• _PROBLEM TO SOLVE_: Pick out the lines below with "assumes" and list them.

━━━ SUPPLIED ENTRIES

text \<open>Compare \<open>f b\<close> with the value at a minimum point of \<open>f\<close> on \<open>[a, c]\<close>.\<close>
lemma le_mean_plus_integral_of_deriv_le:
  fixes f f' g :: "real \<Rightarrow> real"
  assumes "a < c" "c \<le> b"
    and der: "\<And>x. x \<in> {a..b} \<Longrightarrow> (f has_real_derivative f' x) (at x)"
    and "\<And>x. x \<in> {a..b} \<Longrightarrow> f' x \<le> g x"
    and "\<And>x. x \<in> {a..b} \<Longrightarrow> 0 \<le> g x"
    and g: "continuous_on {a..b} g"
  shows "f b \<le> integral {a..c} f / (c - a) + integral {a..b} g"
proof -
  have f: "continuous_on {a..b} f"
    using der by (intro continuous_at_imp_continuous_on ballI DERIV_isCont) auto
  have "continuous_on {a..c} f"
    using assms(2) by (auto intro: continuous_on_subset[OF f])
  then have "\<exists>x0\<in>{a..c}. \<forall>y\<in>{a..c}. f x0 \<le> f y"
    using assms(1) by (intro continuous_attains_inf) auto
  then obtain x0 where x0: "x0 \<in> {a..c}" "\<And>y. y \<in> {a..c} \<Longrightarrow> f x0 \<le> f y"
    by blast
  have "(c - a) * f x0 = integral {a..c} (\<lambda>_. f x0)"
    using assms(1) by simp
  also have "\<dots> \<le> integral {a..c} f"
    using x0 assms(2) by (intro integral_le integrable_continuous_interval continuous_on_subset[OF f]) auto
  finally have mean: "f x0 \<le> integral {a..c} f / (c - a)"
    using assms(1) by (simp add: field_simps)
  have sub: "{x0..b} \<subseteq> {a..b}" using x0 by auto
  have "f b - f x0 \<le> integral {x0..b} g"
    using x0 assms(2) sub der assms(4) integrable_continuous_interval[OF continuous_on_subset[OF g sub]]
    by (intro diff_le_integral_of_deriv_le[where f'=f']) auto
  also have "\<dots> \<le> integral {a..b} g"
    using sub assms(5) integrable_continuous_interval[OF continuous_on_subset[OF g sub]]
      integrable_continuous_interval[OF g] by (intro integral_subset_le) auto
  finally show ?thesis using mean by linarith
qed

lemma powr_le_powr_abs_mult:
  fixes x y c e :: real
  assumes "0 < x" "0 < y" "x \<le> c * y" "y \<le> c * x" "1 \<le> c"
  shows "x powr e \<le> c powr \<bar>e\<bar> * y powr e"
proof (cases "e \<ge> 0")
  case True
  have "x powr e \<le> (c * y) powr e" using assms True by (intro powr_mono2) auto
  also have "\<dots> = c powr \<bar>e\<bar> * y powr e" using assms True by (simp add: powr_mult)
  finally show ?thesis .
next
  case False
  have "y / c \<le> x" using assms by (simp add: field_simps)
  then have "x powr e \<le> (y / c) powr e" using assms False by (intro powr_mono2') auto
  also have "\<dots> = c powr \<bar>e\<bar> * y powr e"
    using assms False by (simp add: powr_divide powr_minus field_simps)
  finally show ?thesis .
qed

━━━━━━

• _EXERCISE ANSWER_:
  assumes "a < c" "c \<le> b"
  assumes "0 < x" "0 < y" "x \<le> c * y" "y \<le> c * x" "1 \<le> c"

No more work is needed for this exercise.